Go to the line containing "using level_I_pos[of S]" in the records below. Repeat it and the lines after it exactly, all the way to the end.

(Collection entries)
BEGIN
lemma sir_lyapunov_antimono:
  assumes "0 < snd (x t0)" and "t \<in> {t0..T}"
  shows "sir_lyapunov (\<gamma> / bmax) (x t) \<le> sir_lyapunov (\<gamma> / bmax) (x t0)"
proof -
  obtain B where B: "\<And>\<tau>. \<tau> \<in> {t0..T} \<Longrightarrow> norm (x \<tau>) \<le> B"
    using trajectory_bounded by blast
  have "(\<lambda>\<tau>. sir_lyapunov (\<gamma> / bmax) (x \<tau>)) t - (\<lambda>\<tau>. sir_lyapunov (\<gamma> / bmax) (x \<tau>)) t0 \<le> 0 * (t - t0)"
  proof (rule diff_le_of_local_quadratic_bound)
    fix s u assume "t0 \<le> s" "s \<le> u" "u \<le> t"
    moreover have "0 \<le> snd (x \<tau>)" if "\<tau> \<in> {s..u}" for \<tau>
      using infected_pos[OF assms(1), of \<tau>] that \<open>t0 \<le> s\<close> \<open>u \<le> t\<close> assms(2) by simp
    ultimately show "(\<lambda>\<tau>. sir_lyapunov (\<gamma> / bmax) (x \<tau>)) u - (\<lambda>\<tau>. sir_lyapunov (\<gamma> / bmax) (x \<tau>)) s
        \<le> 0 * (u - s) + (speed_bound B / (\<gamma> / bmax) * bmax * B\<^sup>2 + 1 / (\<gamma> / bmax) * (speed_bound B)\<^sup>2) * (u - s)\<^sup>2"
      using lyapunov_increment_le[OF B, of s u] assms(2) by simp
  qed (use assms in auto)
  then show ?thesis
    by simp
qed

end

section \<open>Scalar flows with negative speed\<close>

text \<open>For \<open>S' = g S\<close> with \<open>g < 0\<close> on \<open>[c, R)\<close>, \<open>flow_time g c S \<le> 0\<close> is the time at which the
  solution arriving at \<open>c\<close> at time \<open>0\<close> passes through \<open>S\<close>; \<open>flow_inverse\<close> inverts it and
  thus is that solution.\<close>

definition flow_time :: "(real \<Rightarrow> real) \<Rightarrow> real \<Rightarrow> real \<Rightarrow> real" where
  "flow_time g c S = integral {c..S} (\<lambda>s. 1 / g s)"

definition flow_inverse :: "(real \<Rightarrow> real) \<Rightarrow> real \<Rightarrow> real \<Rightarrow> real \<Rightarrow> real" where
  "flow_inverse g c R u = (THE S. c \<le> S \<and> S < R \<and> flow_time g c S = u)"

locale negative_field =
  fixes c R :: real and g :: "real \<Rightarrow> real"
  assumes c_less_R: "c < R"
    and continuous_g: "continuous_on {c..<R} g"
    and g_neg: "\<And>S. S \<in> {c..<R} \<Longrightarrow> g S < 0"
begin

abbreviation G :: "real \<Rightarrow> real" where
  "G \<equiv> flow_time g c"

abbreviation \<sigma> :: "real \<Rightarrow> real" where
  "\<sigma> \<equiv> flow_inverse g c R"

lemma continuous_on_inverse_g: "S1 < R \<Longrightarrow> continuous_on {c..S1} (\<lambda>s. 1 / g s)"
proof (intro continuous_on_divide continuous_on_const)
  assume "S1 < R"
  show "continuous_on {c..S1} g"
    by (rule continuous_on_subset[OF continuous_g]) (use \<open>S1 < R\<close> in auto)
  show "\<forall>s\<in>{c..S1}. g s \<noteq> 0"
    using g_neg \<open>S1 < R\<close> by (metis atLeastAtMost_iff atLeastLessThan_iff le_less_trans less_irrefl)
qed

lemma flow_time_c [simp]: "G c = 0"
  by (simp add: flow_time_def)

lemma continuous_on_flow_time: "S1 < R \<Longrightarrow> continuous_on {c..S1} G"
  unfolding flow_time_def
  by (rule indefinite_integral_continuous_1[OF integrable_continuous_real[OF continuous_on_inverse_g]])

lemma flow_time_has_derivative:
  assumes "c < S" "S < R"
  shows "(G has_real_derivative 1 / g S) (at S)"
proof -
  define S' where "S' = (S + R) / 2"
  have "S < S'" "S' < R"
    using assms by (auto simp: S'_def)
  have "(G has_real_derivative 1 / g S) (at S within {c..S'})"
    unfolding flow_time_def
    by (rule integral_has_real_derivative[OF continuous_on_inverse_g[OF \<open>S' < R\<close>]])
      (use assms \<open>S < S'\<close> in auto)
  moreover have "at S within {c..S'} = at S"
    by (rule at_within_interior) (use assms \<open>S < S'\<close> in auto)
  ultimately show ?thesis
    by simp
qed

lemma flow_time_strict_antimono:
  assumes "c \<le> a" "a < b" "b < R"
  shows "G b < G a"
proof (rule DERIV_neg_imp_decreasing_open[OF \<open>a < b\<close>])
  fix S assume "a < S" "S < b"
  then show "\<exists>y. DERIV G S :> y \<and> y < 0"
    using assms flow_time_has_derivative g_neg[of S] by (intro exI[of _ "1 / g S"]) auto
next
  show "continuous_on {a..b} G"
    by (rule continuous_on_subset[OF continuous_on_flow_time[OF \<open>b < R\<close>]]) (use assms in auto)
qed

lemma flow_time_nonpos: "c \<le> S \<Longrightarrow> S < R \<Longrightarrow> G S \<le> 0"
  using flow_time_strict_antimono[of c S] by (cases "S = c") auto

lemma flow_time_neg: "c < S \<Longrightarrow> S < R \<Longrightarrow> G S < 0"
  using flow_time_strict_antimono[of c S] by simp

lemma flow_time_inj: "c \<le> a \<Longrightarrow> a < R \<Longrightarrow> c \<le> b \<Longrightarrow> b < R \<Longrightarrow> G a = G b \<Longrightarrow> a = b"
  using flow_time_strict_antimono[of a b] flow_time_strict_antimono[of b a]
  by (cases a b rule: linorder_cases) auto

lemma flow_inverse_flow_time: "c \<le> S \<Longrightarrow> S < R \<Longrightarrow> \<sigma> (G S) = S"
  unfolding flow_inverse_def by (rule the_equality) (auto intro: flow_time_inj)

lemma flow_time_image:
  assumes "c \<le> S1" "S1 < R"
  shows "G ` {c..S1} = {G S1..0}"
proof
  show "G ` {c..S1} \<subseteq> {G S1..0}"
    using flow_time_strict_antimono[of _ S1] flow_time_nonpos assms
    by (force simp: order_le_less)
  show "{G S1..0} \<subseteq> G ` {c..S1}"
  proof
    fix u assume "u \<in> {G S1..0}"
    then obtain S where "c \<le> S" "S \<le> S1" "G S = u"
      using IVT2'[of G S1 u c] assms continuous_on_flow_time[OF \<open>S1 < R\<close>] by auto
    then show "u \<in> G ` {c..S1}"
      by force
  qed
qed

lemma flow_inverse_bounds:
  assumes "c \<le> S1" "S1 < R" "G S1 \<le> u" "u \<le> 0"
  shows "c \<le> \<sigma> u" "\<sigma> u \<le> S1" "G (\<sigma> u) = u"
proof -
  obtain S where "c \<le> S" "S \<le> S1" "G S = u"
    using flow_time_image[OF assms(1,2)] assms(3,4) by (metis atLeastAtMost_iff imageE)
  moreover have "\<sigma> u = S"
    using flow_inverse_flow_time[of S] calculation assms by auto
  ultimately show "c \<le> \<sigma> u" "\<sigma> u \<le> S1" "G (\<sigma> u) = u"
    by auto
qed

lemma continuous_on_flow_inverse:
  assumes "c \<le> S1" "S1 < R"
  shows "continuous_on {G S1..0} \<sigma>"
proof -
  have "continuous_on (G ` {c..S1}) \<sigma>"
    by (rule continuous_on_inv[OF continuous_on_flow_time[OF \<open>S1 < R\<close>]])
      (use flow_inverse_flow_time assms in auto)
  then show ?thesis
    using flow_time_image[OF assms] by simp
qed

lemma flow_inverse_has_derivative:
  assumes "c \<le> S1" "S1 < R" "G S1 < u" "u < 0"
  shows "(\<sigma> has_real_derivative g (\<sigma> u)) (at u)"
proof -
  have bounds: "c \<le> \<sigma> u" "\<sigma> u \<le> S1" "G (\<sigma> u) = u"
    using flow_inverse_bounds[OF assms(1,2)] assms by auto
  then have "\<sigma> u \<noteq> c" "\<sigma> u \<noteq> S1"
    using assms by auto
  with bounds have inside: "c < \<sigma> u" "\<sigma> u < R"
    using assms by auto
  then have "g (\<sigma> u) \<noteq> 0"
    using g_neg[of "\<sigma> u"] by auto
  have "DERIV \<sigma> u :> inverse (1 / g (\<sigma> u))"
  proof (rule DERIV_inverse_function[where f = G and a = "G S1" and b = 0])
    show "DERIV G (\<sigma> u) :> 1 / g (\<sigma> u)"
      by (rule flow_time_has_derivative[OF inside])
    show "G (\<sigma> y) = y" if "G S1 < y" "y < 0" for y
      using flow_inverse_bounds[OF assms(1,2), of y] that by auto
    show "isCont \<sigma> u"
      by (rule continuous_on_interior[OF continuous_on_flow_inverse[OF assms(1,2)]]) (use assms in auto)
  qed (use assms \<open>g (\<sigma> u) \<noteq> 0\<close> in auto)
  then show ?thesis
    using \<open>g (\<sigma> u) \<noteq> 0\<close> by simp
qed

end

section \<open>The \<open>bmax\<close>-flow on a level set\<close>

text \<open>With \<open>c = \<gamma> / bmax\<close>, the input \<open>bmax\<close> preserves \<open>I + S - c ln S\<close>. On its level set \<open>h\<close>,
  \<open>I = level_I c h S\<close> and the \<open>S\<close>-equation becomes \<open>S' = level_speed bmax c h S\<close>.\<close>

definition level_I :: "real \<Rightarrow> real \<Rightarrow> real \<Rightarrow> real" where
  "level_I c h S = h - S + c * ln S"

definition level_speed :: "real \<Rightarrow> real \<Rightarrow> real \<Rightarrow> real \<Rightarrow> real" where
  "level_speed bmax c h S = - bmax * S * level_I c h S"

lemma level_I_has_derivative: "S > 0 \<Longrightarrow> (level_I c h has_real_derivative (- 1 + c / S)) (at S)"
  unfolding level_I_def[abs_def] by (auto intro!: derivative_eq_intros simp: field_simps)

lemma continuous_on_level_I: "(\<And>S. S \<in> A \<Longrightarrow> S > 0) \<Longrightarrow> continuous_on A (level_I c h)"
  unfolding level_I_def[abs_def] by (intro continuous_intros) auto

lemma level_I_strict_antimono:
  assumes "c > 0" "c \<le> a" "a < b"
  shows "level_I c h b < level_I c h a"
proof (rule DERIV_neg_imp_decreasing_open[OF \<open>a < b\<close>])
  fix S assume "a < S" "S < b"
  then have "c / S < 1"
    using assms by (simp add: divide_less_eq)
  then show "\<exists>y. DERIV (level_I c h) S :> y \<and> y < 0"
    using level_I_has_derivative[of S c h] \<open>a < S\<close> assms by (intro exI[of _ "- 1 + c / S"]) auto
next
  show "continuous_on {a..b} (level_I c h)"
    by (rule continuous_on_level_I) (use assms in auto)
qed

lemma level_I_antimono: "c > 0 \<Longrightarrow> c \<le> a \<Longrightarrow> a \<le> b \<Longrightarrow> level_I c h b \<le> level_I c h a"
  using level_I_strict_antimono[of c a b h] by (cases "a = b") auto

lemma level_I_diff_le:
  assumes "c > 0" "c \<le> s" "s \<le> R"
  shows "level_I c h s - level_I c h R \<le> R - s"
proof -
  have "c * ln s \<le> c * ln R"
    using assms by simp
  then show ?thesis
    by (simp add: level_I_def)
qed

lemma level_I_root:
  assumes "c > 0" and "level_I c h c > 0"
  obtains R where "c < R" "level_I c h R = 0"
proof -
  define q where "q = h + c * ln (2 * c)"
  define S1 where "S1 = 2 * \<bar>q\<bar> + 2 * c"
  have "c < S1"
    unfolding S1_def using assms(1) abs_ge_zero[of q] by linarith
  text \<open>\<open>S1\<close> is large enough for \<open>c ln S1 \<le> c ln (2c) + S1/2 - c\<close> to make \<open>level_I\<close> negative.\<close>
  have "ln (S1 / (2 * c)) \<le> S1 / (2 * c) - 1"
    using ln_le_minus_one[of "S1 / (2 * c)"] \<open>c < S1\<close> assms(1) by simp
  then have "c * (ln S1 - ln (2 * c)) \<le> c * (S1 / (2 * c) - 1)"
    using \<open>c < S1\<close> assms(1) by (simp add: ln_div mult_left_mono)
  moreover have "c * (S1 / (2 * c) - 1) = S1 / 2 - c"
    using assms(1) by (simp add: field_simps)
  ultimately have "c * ln S1 \<le> c * ln (2 * c) + S1 / 2 - c"
    by (simp add: algebra_simps)
  then have "level_I c h S1 \<le> q - c - S1 / 2"
    by (simp add: level_I_def q_def)
  also have "\<dots> \<le> 0"
    using assms(1) abs_ge_self[of q] by (simp add: S1_def)
  finally have "level_I c h S1 \<le> 0" .
  then obtain R where "c \<le> R" "R \<le> S1" "level_I c h R = 0"
    using IVT2'[of "level_I c h" S1 0 c] assms \<open>c < S1\<close> continuous_on_level_I[of "{c..S1}" c h]
    by force
  moreover have "R \<noteq> c"
    using calculation assms by auto
  ultimately show ?thesis
    using that[of R] by simp
qed

lemma sir_lyapunov_level_I: "c \<le> S \<Longrightarrow> sir_lyapunov c (S, level_I c h S) = level_I c h c"
  by (simp add: sir_lyapunov_def psi_eq level_I_def)

locale sir_level_flow =
  fixes bmax c h R :: real
  assumes c_pos: "0 < c" and bmax_pos: "0 < bmax"
    and c_less_R: "c < R" and level_I_R: "level_I c h R = 0"
begin

lemma level_I_pos: "c \<le> S \<Longrightarrow> S < R \<Longrightarrow> 0 < level_I c h S"
  using level_I_strict_antimono[OF c_pos, of S R h] level_I_R by simp

sublocale negative_field c R "level_speed bmax c h"
proof
  show "continuous_on {c..<R} (level_speed bmax c h)"
    unfolding level_speed_def[abs_def]
    by (intro continuous_intros continuous_on_level_I) (use c_pos in auto)
  show "level_speed bmax c h S < 0" if "S \<in> {c..<R}" for S
    using level_I_pos[of S] c_pos bmax_pos that by (simp add: level_speed_def)
qed (rule c_less_R)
END
*OUTPUT FOR THIS EXERCISE*:
    using level_I_pos[of S] c_pos bmax_pos that by (simp add: level_speed_def)
qed (rule c_less_R)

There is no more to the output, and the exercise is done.